━━━━━ SUPPLIED MATERIAL

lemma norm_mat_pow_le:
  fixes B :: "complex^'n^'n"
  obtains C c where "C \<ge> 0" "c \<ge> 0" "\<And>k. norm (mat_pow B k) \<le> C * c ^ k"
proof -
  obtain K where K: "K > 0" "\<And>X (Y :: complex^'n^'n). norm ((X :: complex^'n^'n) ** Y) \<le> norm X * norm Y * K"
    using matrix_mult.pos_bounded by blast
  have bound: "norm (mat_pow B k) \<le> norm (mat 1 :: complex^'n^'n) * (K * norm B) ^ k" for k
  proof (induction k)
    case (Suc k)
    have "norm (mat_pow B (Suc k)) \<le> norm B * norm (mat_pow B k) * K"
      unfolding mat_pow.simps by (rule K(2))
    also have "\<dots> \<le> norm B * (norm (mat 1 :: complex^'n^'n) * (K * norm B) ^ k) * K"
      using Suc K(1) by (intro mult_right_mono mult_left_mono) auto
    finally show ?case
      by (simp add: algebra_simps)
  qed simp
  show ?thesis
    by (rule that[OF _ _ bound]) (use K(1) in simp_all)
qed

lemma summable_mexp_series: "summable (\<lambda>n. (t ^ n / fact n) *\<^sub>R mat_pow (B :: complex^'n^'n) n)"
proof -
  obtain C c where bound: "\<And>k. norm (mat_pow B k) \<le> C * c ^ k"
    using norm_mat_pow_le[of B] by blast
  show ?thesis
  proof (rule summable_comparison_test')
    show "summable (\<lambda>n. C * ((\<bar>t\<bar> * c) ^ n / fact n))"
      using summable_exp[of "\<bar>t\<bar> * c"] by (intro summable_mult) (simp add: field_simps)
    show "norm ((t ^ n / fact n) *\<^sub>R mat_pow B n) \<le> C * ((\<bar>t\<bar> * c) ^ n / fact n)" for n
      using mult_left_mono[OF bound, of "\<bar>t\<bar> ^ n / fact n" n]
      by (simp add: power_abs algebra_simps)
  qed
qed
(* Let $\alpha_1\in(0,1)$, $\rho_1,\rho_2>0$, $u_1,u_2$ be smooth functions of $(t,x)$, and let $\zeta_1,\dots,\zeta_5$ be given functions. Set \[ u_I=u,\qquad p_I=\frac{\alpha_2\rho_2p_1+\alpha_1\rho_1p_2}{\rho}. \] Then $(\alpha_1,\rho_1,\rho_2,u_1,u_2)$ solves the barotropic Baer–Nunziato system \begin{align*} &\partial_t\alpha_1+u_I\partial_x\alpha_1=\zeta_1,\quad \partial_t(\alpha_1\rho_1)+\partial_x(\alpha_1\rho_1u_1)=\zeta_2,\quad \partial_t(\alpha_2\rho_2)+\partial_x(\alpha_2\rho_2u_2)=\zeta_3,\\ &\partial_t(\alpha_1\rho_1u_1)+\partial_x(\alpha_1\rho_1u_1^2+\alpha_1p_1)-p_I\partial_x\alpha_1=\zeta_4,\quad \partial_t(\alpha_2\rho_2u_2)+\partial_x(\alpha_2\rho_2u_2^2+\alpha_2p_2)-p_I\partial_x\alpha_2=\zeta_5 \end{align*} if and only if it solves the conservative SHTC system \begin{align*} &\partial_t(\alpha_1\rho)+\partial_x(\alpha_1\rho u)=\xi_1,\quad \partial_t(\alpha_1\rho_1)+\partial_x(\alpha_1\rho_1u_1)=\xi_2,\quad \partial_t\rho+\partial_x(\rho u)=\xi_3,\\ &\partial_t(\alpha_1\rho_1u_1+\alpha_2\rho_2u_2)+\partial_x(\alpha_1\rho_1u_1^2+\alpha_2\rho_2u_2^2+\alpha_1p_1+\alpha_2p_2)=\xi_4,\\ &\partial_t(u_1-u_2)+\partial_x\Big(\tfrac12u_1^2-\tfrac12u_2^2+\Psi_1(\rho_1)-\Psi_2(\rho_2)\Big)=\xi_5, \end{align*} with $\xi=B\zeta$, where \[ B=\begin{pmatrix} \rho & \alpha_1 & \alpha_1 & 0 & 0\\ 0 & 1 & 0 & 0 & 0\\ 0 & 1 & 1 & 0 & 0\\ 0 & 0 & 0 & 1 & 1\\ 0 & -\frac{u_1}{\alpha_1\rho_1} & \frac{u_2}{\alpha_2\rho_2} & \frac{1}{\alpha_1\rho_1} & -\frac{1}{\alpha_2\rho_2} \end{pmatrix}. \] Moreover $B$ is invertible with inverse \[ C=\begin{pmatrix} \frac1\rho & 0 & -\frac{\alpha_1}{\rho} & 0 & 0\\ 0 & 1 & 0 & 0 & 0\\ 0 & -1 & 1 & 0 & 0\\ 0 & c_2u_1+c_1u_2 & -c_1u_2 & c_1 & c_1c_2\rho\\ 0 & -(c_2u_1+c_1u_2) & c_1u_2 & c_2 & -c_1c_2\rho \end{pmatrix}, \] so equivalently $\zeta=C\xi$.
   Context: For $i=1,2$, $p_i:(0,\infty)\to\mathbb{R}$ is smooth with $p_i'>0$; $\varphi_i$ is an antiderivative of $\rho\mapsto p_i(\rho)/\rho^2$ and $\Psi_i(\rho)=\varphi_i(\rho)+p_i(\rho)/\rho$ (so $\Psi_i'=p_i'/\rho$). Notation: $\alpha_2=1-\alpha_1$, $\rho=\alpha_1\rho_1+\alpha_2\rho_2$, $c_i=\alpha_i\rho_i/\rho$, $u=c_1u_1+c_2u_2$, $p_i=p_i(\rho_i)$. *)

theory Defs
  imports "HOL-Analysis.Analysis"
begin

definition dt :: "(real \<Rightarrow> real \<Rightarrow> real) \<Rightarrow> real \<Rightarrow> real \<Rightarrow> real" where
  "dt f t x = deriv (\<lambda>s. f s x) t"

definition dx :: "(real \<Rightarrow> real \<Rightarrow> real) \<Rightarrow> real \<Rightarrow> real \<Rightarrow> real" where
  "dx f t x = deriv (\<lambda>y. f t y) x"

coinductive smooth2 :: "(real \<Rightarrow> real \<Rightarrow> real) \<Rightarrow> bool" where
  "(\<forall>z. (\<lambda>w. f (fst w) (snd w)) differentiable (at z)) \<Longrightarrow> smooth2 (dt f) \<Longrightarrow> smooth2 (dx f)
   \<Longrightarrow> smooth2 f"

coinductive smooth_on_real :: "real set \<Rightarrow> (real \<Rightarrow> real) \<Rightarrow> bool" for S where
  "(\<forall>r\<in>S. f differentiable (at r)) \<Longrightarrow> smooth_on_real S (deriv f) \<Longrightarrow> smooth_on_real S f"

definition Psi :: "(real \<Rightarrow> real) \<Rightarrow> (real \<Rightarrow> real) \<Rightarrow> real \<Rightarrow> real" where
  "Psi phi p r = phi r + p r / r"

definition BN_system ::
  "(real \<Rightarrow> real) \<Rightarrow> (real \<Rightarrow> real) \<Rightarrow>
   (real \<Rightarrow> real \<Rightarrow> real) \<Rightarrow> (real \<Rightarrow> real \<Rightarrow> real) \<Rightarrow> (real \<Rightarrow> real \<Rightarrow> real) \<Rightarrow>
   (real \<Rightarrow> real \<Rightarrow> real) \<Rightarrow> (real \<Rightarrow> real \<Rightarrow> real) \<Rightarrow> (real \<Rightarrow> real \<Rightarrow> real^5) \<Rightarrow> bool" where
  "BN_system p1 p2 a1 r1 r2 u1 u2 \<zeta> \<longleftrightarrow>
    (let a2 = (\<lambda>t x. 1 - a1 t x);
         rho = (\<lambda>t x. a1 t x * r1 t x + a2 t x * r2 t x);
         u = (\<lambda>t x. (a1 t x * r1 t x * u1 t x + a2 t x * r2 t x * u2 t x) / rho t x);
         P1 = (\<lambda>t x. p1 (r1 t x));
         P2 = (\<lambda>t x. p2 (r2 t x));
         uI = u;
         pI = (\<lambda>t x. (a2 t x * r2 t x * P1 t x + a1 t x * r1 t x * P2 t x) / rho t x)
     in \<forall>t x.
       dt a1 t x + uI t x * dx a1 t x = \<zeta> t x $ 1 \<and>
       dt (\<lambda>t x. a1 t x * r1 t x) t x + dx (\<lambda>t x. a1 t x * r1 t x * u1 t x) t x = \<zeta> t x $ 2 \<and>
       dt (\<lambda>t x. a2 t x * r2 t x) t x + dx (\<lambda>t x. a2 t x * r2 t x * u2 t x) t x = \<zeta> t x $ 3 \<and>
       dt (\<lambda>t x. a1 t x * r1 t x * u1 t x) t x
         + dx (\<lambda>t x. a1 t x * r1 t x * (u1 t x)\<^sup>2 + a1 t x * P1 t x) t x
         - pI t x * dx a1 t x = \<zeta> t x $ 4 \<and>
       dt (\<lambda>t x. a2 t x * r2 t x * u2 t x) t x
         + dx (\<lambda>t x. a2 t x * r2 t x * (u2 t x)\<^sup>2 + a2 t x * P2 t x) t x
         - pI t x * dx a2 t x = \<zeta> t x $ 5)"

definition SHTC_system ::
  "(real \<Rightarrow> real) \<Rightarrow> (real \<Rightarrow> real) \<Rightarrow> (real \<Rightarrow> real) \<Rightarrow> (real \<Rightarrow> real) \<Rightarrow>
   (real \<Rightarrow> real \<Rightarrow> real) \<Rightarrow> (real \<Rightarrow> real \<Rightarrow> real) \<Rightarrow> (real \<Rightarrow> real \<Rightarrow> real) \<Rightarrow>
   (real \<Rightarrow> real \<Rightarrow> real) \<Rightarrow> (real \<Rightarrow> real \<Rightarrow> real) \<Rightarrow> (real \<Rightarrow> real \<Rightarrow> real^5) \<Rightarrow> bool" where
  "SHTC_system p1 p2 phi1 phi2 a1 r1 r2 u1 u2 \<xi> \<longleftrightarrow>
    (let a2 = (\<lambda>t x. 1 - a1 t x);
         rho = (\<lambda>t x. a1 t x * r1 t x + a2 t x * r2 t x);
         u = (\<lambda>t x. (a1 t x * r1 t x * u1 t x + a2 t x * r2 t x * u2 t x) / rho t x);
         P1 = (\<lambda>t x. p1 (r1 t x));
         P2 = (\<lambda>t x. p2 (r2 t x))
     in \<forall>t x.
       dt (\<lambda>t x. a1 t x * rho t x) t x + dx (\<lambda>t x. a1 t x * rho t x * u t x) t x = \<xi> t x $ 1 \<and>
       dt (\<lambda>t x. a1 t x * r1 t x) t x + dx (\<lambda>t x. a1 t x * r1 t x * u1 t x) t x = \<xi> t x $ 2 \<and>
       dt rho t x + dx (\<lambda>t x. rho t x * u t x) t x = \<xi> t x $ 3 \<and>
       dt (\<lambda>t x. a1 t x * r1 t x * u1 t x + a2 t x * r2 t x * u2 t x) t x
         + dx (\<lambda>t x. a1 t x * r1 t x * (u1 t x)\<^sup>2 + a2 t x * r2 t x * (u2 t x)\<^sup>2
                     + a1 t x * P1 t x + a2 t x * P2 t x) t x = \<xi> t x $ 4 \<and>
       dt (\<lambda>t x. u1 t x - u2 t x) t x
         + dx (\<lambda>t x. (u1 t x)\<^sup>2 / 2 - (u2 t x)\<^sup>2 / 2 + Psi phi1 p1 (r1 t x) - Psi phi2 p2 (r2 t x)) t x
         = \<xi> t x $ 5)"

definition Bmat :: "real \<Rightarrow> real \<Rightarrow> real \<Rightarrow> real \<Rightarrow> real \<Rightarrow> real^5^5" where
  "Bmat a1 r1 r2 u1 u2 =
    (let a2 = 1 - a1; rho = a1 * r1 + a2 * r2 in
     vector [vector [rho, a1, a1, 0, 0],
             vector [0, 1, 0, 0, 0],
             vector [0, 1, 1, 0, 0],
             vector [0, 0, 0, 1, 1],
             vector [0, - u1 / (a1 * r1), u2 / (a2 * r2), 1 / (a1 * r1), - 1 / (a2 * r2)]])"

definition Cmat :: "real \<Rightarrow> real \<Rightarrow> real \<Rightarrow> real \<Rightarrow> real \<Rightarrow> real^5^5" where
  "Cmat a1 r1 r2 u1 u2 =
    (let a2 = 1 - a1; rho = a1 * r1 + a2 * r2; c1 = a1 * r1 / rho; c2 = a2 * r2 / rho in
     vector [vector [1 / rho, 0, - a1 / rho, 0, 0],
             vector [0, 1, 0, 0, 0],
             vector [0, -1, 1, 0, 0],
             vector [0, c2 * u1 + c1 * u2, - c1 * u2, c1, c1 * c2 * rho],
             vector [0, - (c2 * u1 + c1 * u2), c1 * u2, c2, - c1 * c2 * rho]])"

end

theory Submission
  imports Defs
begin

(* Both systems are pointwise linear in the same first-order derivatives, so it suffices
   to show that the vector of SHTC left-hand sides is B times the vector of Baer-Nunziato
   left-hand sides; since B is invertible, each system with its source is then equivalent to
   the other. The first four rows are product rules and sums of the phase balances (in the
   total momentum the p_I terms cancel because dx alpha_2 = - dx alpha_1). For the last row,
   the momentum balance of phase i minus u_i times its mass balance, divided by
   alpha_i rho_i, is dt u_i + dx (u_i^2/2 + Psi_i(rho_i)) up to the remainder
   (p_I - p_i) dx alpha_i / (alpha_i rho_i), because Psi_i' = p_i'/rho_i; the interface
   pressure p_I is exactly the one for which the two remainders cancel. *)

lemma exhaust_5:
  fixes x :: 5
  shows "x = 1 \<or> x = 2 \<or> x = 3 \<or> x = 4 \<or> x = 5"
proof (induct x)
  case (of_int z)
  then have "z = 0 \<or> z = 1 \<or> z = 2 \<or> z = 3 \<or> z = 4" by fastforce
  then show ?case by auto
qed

━━━━━━━━━━

State the count of lines in the material above that include "cancel", with no other words.

2